Getting teams right is critical to organizational success.  Nothing is more important. 

I recently sat down to talk with Matty Wishnow, founder of Clearhead, headquartered in Austin, Texas to talk about Matty’s model of team success.  Clearhead began with less than a million dollars in annual revenues and sold to Accenture, a large International consulting firm. 

Matty has developed an effective team model for 21st Century organizations. 

Getting teams right is not only not easy, getting teams wrong has sunk many organizations with large burdensome employee headcounts and ambiguous directions. You have experienced this if you work on a team.   How do you interact with the people on your team?  Is there close coordination?  How dependent are you on each other?  If you didn’t connect with one of your team members for a day or for a week, how much would that matter?

Business teams are what organizations today call groups with similar work functions that work together regularly or from time to time.   Sometimes groups are really teams, but all too often they’re just groups called teams.  Matty’s model speaks to these questions.

A Weird History of Teams and Transparency–the Death of Hierarchy

Pre Technology Office, Cerca 1989

Here’s a little background on office life before teams, and their explosive impact. 
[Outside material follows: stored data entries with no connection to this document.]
lemma l1_convex_Un_meets_Int:
  assumes "closed X" and "closed Y" and "l1_convex (X \<union> Y)" and "p \<in> X" and "q \<in> Y"
  shows "\<exists>u\<in>X \<inter> Y. l1_between p u q"
proof -
  define I where "I = {0..l1_dist p q}"
  obtain \<sigma> where \<sigma>: "l1_geodesic \<sigma> p q" and \<sigma>_XY: "\<sigma> ` I \<subseteq> X \<union> Y"
    using assms(3-5) unfolding l1_convex_iff_geodesic I_def by blast
  have ends: "p \<in> \<sigma> ` I" "q \<in> \<sigma> ` I"
    using \<sigma> l1_dist_nonneg[of p q] unfolding l1_geodesic_def I_def by (force, force)
  have "connected (\<sigma> ` I)"
    using l1_geodesic_continuous[OF \<sigma>] unfolding I_def by (intro connected_continuous_image) auto
  then have "X \<inter> Y \<inter> \<sigma> ` I \<noteq> {}"
    using \<sigma>_XY ends assms(1,2,4,5) unfolding connected_closed by blast
  then obtain t where t: "t \<in> I" and "\<sigma> t \<in> X \<inter> Y" by blast
  moreover have "l1_between p (\<sigma> t) q"
    using l1_geodesic_dist[OF \<sigma>] t unfolding l1_between_def I_def by simp
  ultimately show ?thesis by blast
qed

text \<open>x and y lie, in this order, on a common geodesic from v to w.\<close>

definition l1_precedes :: "real ^ 'n \<Rightarrow> real ^ 'n \<Rightarrow> real ^ 'n \<Rightarrow> real ^ 'n \<Rightarrow> bool" where
  "l1_precedes v w x y \<longleftrightarrow> l1_dist v x + l1_dist x y + l1_dist y w = l1_dist v w"

lemma l1_precedes_dist:
  assumes "l1_precedes v w x y"
  shows "l1_dist x y = l1_dist v y - l1_dist v x"
  using assms l1_dist_triangle[of v w y] l1_dist_triangle[of v y x]
  unfolding l1_precedes_def by linarith

lemma l1_precedes_reflI:
  assumes "l1_precedes v w x y"
  shows "l1_precedes v w y y"
  using assms l1_dist_triangle[of v w y] l1_dist_triangle[of v y x] l1_dist_self[of y]
  unfolding l1_precedes_def by linarith

lemma l1_precedes_trans:
  assumes "l1_precedes v w x y" and "l1_precedes v w y z"
  shows "l1_precedes v w x z"
  using assms l1_dist_triangle[of v w z] l1_dist_triangle[of v z x] l1_dist_triangle[of v w y]
    l1_dist_triangle[of x z y] l1_dist_triangle[of y w z]
  unfolding l1_precedes_def by linarith

lemma l1_precedes_between:
  assumes "l1_precedes v w l u" and "l1_between l x u"
  shows "l1_precedes v w l x" and "l1_precedes v w x u"
  using assms l1_dist_triangle[of v x l] l1_dist_triangle[of v w x] l1_dist_triangle[of x w u]
    l1_dist_triangle[of v u x]
  unfolding l1_precedes_def l1_between_def by linarith+

lemma closed_l1_precedes:
  "closed {x. l1_precedes v w x a}" "closed {x. l1_precedes v w a x}"
  unfolding l1_precedes_def by (intro closed_Collect_eq continuous_intros)+

definition l1_chain :: "(real ^ 'n) set \<Rightarrow> real ^ 'n \<Rightarrow> real ^ 'n \<Rightarrow> (real ^ 'n) set \<Rightarrow> bool"
  where "l1_chain Z v w M \<longleftrightarrow> v \<in> M \<and> w \<in> M \<and> M \<subseteq> Z \<and>
     (\<forall>x\<in>M. \<forall>y\<in>M. l1_precedes v w x y \<or> l1_precedes v w y x)"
Feature it’s 1989.  You walk into your corner office past the typing pool and a secretary gives you a handful of cheery, small pink note forms with the heading, “While You Were Out,” with the written names of the people who had called you (Voicemail was not in common use).  You’re glad for some and groan at others.
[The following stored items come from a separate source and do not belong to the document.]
lemma ex_closed_balanced_nhd:
  assumes "open S" "0 \<in> S"
  obtains C N where "closed C" "balanced av sm C" "open N" "0 \<in> N" "N \<subseteq> C" "C \<subseteq> S"
proof -
  obtain U where "open U" "0 \<in> U" "closure U \<subseteq> S"
    using ex_nhd_closure_subset[OF continuous_diff assms] by blast
  define C where "C = (\<Inter>t\<in>{t. av t \<le> 1}. {v. sm t v \<in> closure U})"
  have "closed C" unfolding C_def by (intro closed_INT ballI closed_sm_vimage) simp
  have "balanced av sm C"
    unfolding balanced_def C_def
    by (auto simp: av_mult av_nonneg mult_le_one sm_mult[symmetric])
  have "C \<subseteq> S"
  proof
    fix v assume "v \<in> C"
    then have "v \<in> closure U" unfolding C_def by (force dest: spec[of _ 1])
    with \<open>closure U \<subseteq> S\<close> show "v \<in> S" by auto
  qed
  have "sm 0 0 \<in> U" using \<open>0 \<in> U\<close> by simp
  then obtain \<delta> N0 where "0 < \<delta>" "open N0" "0 \<in> N0"
    and N0: "\<And>t x. av (t - 0) < \<delta> \<Longrightarrow> x \<in> N0 \<Longrightarrow> sm t x \<in> U"
    using sm_continuous[OF \<open>open U\<close>] by metis
  obtain c where "c \<noteq> 0" "av c < \<delta>" using ex_av_less[OF \<open>0 < \<delta>\<close>] by blast
  define N where "N = {x. sm (inverse c) x \<in> N0}"
  have "open N" "0 \<in> N" unfolding N_def using open_sm_vimage \<open>open N0\<close> \<open>0 \<in> N0\<close> by auto
  have "sm t x \<in> U" if "x \<in> N" "av t \<le> 1" for t x
  proof -
    have "av (t * c) < \<delta>"
      using mult_left_le_one_le[OF av_nonneg[of c] av_nonneg[of t] that(2)] \<open>av c < \<delta>\<close>
      by (simp add: av_mult)
    then have "sm (t * c) (sm (inverse c) x) \<in> U" using N0 that(1) unfolding N_def by simp
    moreover have "t * c * inverse c = t" using \<open>c \<noteq> 0\<close> by simp
    ultimately show ?thesis by (simp flip: sm_mult)
  qed
  then have "N \<subseteq> C" unfolding C_def using closure_subset by blast
  show ?thesis by (rule that) fact+
qed

abbreviation mink :: "'e set \<Rightarrow> 'e \<Rightarrow> real" where
  "mink \<equiv> minkowski_functional av sm"

context
  fixes B N :: "'e set"
  assumes N: "open N" "0 \<in> N" "N \<subseteq> B"
begin

lemma minkowski_set_nonempty: "{av s |s. s \<noteq> 0 \<and> sm (inverse s) v \<in> B} \<noteq> {}"
proof -
  obtain s where "s \<noteq> 0" "sm (inverse s) v \<in> N" by (rule absorbing[OF N(1,2)])
  with N(3) show ?thesis by blast
qed

lemma minkowski_le: "s \<noteq> 0 \<Longrightarrow> sm (inverse s) v \<in> B \<Longrightarrow> mink B v \<le> av s"
  unfolding minkowski_functional_def
  by (rule cInf_lower) (auto intro!: bdd_belowI[of _ 0] simp: av_nonneg)

lemma minkowski_greatest:
  "(\<And>s. s \<noteq> 0 \<Longrightarrow> sm (inverse s) v \<in> B \<Longrightarrow> c \<le> av s) \<Longrightarrow> c \<le> mink B v"
  unfolding minkowski_functional_def by (rule cInf_greatest[OF minkowski_set_nonempty]) blast

lemma minkowski_nonneg: "0 \<le> mink B v"
  by (rule minkowski_greatest) (rule av_nonneg)

lemma minkowski_less_imp:
  "mink B v < e \<Longrightarrow> \<exists>s. s \<noteq> 0 \<and> sm (inverse s) v \<in> B \<and> av s < e"
  unfolding minkowski_functional_def using cInf_lessD[OF minkowski_set_nonempty] by blast

lemma minkowski_0: "mink B 0 = 0"
proof -
  have "mink B 0 \<le> e" if "0 < e" for e
  proof -
    obtain s where "s \<noteq> 0" "av s < e" using ex_av_less[OF \<open>0 < e\<close>] by blast
    moreover have "sm (inverse s) 0 \<in> B" using N(2,3) by auto
    ultimately show ?thesis using minkowski_le[of s 0] by simp
  qed
  then have "mink B 0 \<le> 0" by (rule dense_ge)
  with minkowski_nonneg show ?thesis by (rule antisym[rotated])
qed

lemma minkowski_sm_le:
  assumes "t \<noteq> 0" shows "mink B (sm t v) \<le> av t * mink B v"
proof -
  have "mink B (sm t v) / av t \<le> mink B v"
  proof (rule minkowski_greatest)
    fix s assume "s \<noteq> 0" "sm (inverse s) v \<in> B"
    moreover have "inverse (t * s) * t = inverse s" using assms \<open>s \<noteq> 0\<close> by (simp add: field_simps)
    ultimately have "sm (inverse (t * s)) (sm t v) \<in> B" by (metis sm_mult)
    then have "mink B (sm t v) \<le> av (t * s)" using assms \<open>s \<noteq> 0\<close> by (intro minkowski_le) simp_all
    then show "mink B (sm t v) / av t \<le> av s"
      using av_pos[OF assms] by (simp add: av_mult pos_divide_le_eq mult.commute)
  qed
  then show ?thesis using av_pos[OF assms] by (simp add: pos_divide_le_eq mult.commute)
qed

lemma minkowski_sm: "mink B (sm t v) = av t * mink B v"
proof (cases "t = 0")
  case False
  have "mink B v = mink B (sm (inverse t) (sm t v))"
    using False by (simp flip: sm_mult)
  also have "\<dots> \<le> inverse (av t) * mink B (sm t v)"
    using False minkowski_sm_le[of "inverse t"] by (simp add: av_inverse)
  finally have "av t * mink B v \<le> mink B (sm t v)"
    using av_pos[OF False] by (simp add: field_simps)
  with minkowski_sm_le[OF False, of v] show ?thesis by simp
qed (simp add: minkowski_0)

lemma gauge_on_minkowski: "gauge_on av sm (mink B)"
  unfolding gauge_on_def
proof (intro conjI allI impI minkowski_nonneg minkowski_sm)
  fix r :: real assume "0 < r"
  then obtain s where s: "s \<noteq> 0" "av s < r" using ex_av_less by blast
  let ?S = "{x. sm (inverse s) x \<in> N}"
  have "?S \<subseteq> {x. mink B x < r}"
    using minkowski_le[OF s(1)] s(2) N(3) by fastforce
  moreover have "open ?S" "0 \<in> ?S" using open_sm_vimage N(1,2) by auto
  ultimately show "\<exists>S. open S \<and> 0 \<in> S \<and> S \<subseteq> {x. mink B x < r}" by blast
qed

lemma le_minkowski:
  assumes "gauge_on av sm g" "B \<subseteq> {x. g x < 1}"
  shows "g v \<le> mink B v"
proof (rule minkowski_greatest)
  fix s assume s: "s \<noteq> 0" "sm (inverse s) v \<in> B"
  have "g v = g (sm s (sm (inverse s) v))" using sm_inverse_cancel[OF s(1)] by simp
  also have "\<dots> = av s * g (sm (inverse s) v)" using assms(1) unfolding gauge_on_def by blast
  also have "\<dots> \<le> av s"
    using s(2) assms(2) by (intro mult_left_le av_nonneg) auto
  finally show "g v \<le> av s" .
qed

lemma minkowski_upper_semicontinuous:
  assumes "open B" "mink B v < e"
  shows "\<exists>M. open M \<and> v \<in> M \<and> (\<forall>w\<in>M. mink B w < e)"
proof -
  obtain s where s: "s \<noteq> 0" "sm (inverse s) v \<in> B" "av s < e"
    using minkowski_less_imp[OF assms(2)] by blast
  have "\<forall>w\<in>{w. sm (inverse s) w \<in> B}. mink B w < e"
    using minkowski_le[OF s(1)] s(3) by fastforce
  then show ?thesis using open_sm_vimage[OF assms(1)] s(2) by blast
qed

text \<open>Balancedness makes the sets {w. sm (inverse s) w \<notin> B} witness av s \<le> mink B w.\<close>
lemma minkowski_lower_semicontinuous:
  assumes "closed B" "balanced av sm B" "av s < mink B v"
  shows "\<exists>M. open M \<and> v \<in> M \<and> (\<forall>w\<in>M. av s \<le> mink B w)"
proof (cases "s = 0")
  case True
  then show ?thesis using minkowski_nonneg by auto
next
  case False
  let ?M = "{w. sm (inverse s) w \<in> - B}"
  have "open ?M" using assms(1) by (intro open_sm_vimage) (simp add: open_Compl)
  moreover have "v \<in> ?M" using minkowski_le[OF False, of v] assms(3) by fastforce
  moreover have "av s \<le> mink B w" if "w \<in> ?M" for w
  proof (rule minkowski_greatest)
    fix s' assume s': "s' \<noteq> 0" "sm (inverse s') w \<in> B"
    show "av s \<le> av s'"
    proof (rule ccontr)
      assume "\<not> av s \<le> av s'"
      moreover have "av (inverse s * s') = av s' / av s"
        by (simp only: av_mult av_inverse) (simp add: divide_inverse mult.commute)
      ultimately have "av (inverse s * s') \<le> 1" using av_pos[OF False] by simp
      then have "sm (inverse s * s') (sm (inverse s') w) \<in> B"
        using assms(2) s'(2) unfolding balanced_def by blast
      moreover have "inverse s * s' * inverse s' = inverse s" using s'(1) by simp
      ultimately have "sm (inverse s) w \<in> B" by (metis sm_mult)
      with that show False by simp
    qed
  qed
  ultimately show ?thesis by blast
qed

end

lemma ex_usc_gauge_above:
  assumes "gauge_on av sm p"
  obtains p' where "gauge_on av sm p'" "\<And>v. p v \<le> p' v"
    "\<And>v e. p' v < e \<Longrightarrow> \<exists>M. open M \<and> v \<in> M \<and> (\<forall>w\<in>M. p' w < e)"
proof -
  obtain S where S: "open S" "0 \<in> S" "S \<subseteq> {x. p x < 1}"
    using assms unfolding gauge_on_def by (meson zero_less_one)
  show ?thesis
    using gauge_on_minkowski[OF S(1,2) order_refl] le_minkowski[OF S(1,2) order_refl assms S(3)]
      minkowski_upper_semicontinuous[OF S(1,2) order_refl S(1)]
    by (rule that)
qed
On your desk there are a stack of paper documents you need to read, approve, and sign that came down the hall on carts from other departments.  Now that you’re back in your office, there is a line of employees waiting to see you.  They’re bringing in letters for you to sign and getting approvals. 

And then there were Teams

In a matter of a couple of years, into the early 1990s, that way of doing business–which was the norm for hundreds of years–is gone.  The personal computer destroyed the hierarchical organization.  The age of teams is born.

Organizational teams were the biggest shift in the history of organizations since the industrial revolution.  As far as I can tell, nobody knows who first began to call groups within organizations by the term “teams.”  But teams exploded like a tsunami on world business with aftershocks that still are creating major upheavals today. 

A small piece of equipment that sat on individual desks–the personal computer–created the team environment, not gradually, but immediately.  Able to produce your own documents, aided by internal networks, connected by email and websites, users were suddenly connected to the world.

Hierarchy became meaningless when managers were no longer necessary to connect and coordinate workers who suddenly interchanged in nanoseconds documents and data that once flowed through people and down halls. 

Self Directed Teams to Directionless Groups

Suddenly the workplace was declared to be a collection of teams–but the problem was that nobody knew what that meant–the buzzword was “self-directed teams.”  The first teams often brought an identity crisis to organizations.   Who had the last word?  Who was in charge?

A famous incident (perhaps legend) was the manager who announced to a group that they were now a self directed team.  Their response was, “Well, so we’re a team?  The first thing we want as a team is for you to get the hell out of here!”

For the last 30 years, the relationship between top down directive management and self-direction has often been like making soup with two different recipes–the two approaches often don’t work together. 

Matty Wishnow’s Approach to Team Transparency in the 21st Century

Here are some components of Matty’s team model for the 21st.

Teams are an integral part of the way organizations do business–but how do they function?   Matty believes that teams and transparency are the necessary reality of organizations today.  The speed of transactions makes traditional management impossible.  How can you manage online processes that happen in milliseconds, not days and weeks as in pre-technology days?  Maintaining a veil of secrecy in an organization is difficult because today’s knowledge worker can usually find out most things about clients, revenues, profit and loss.  Lack of transparency and openness slows processes and demotivates employees. 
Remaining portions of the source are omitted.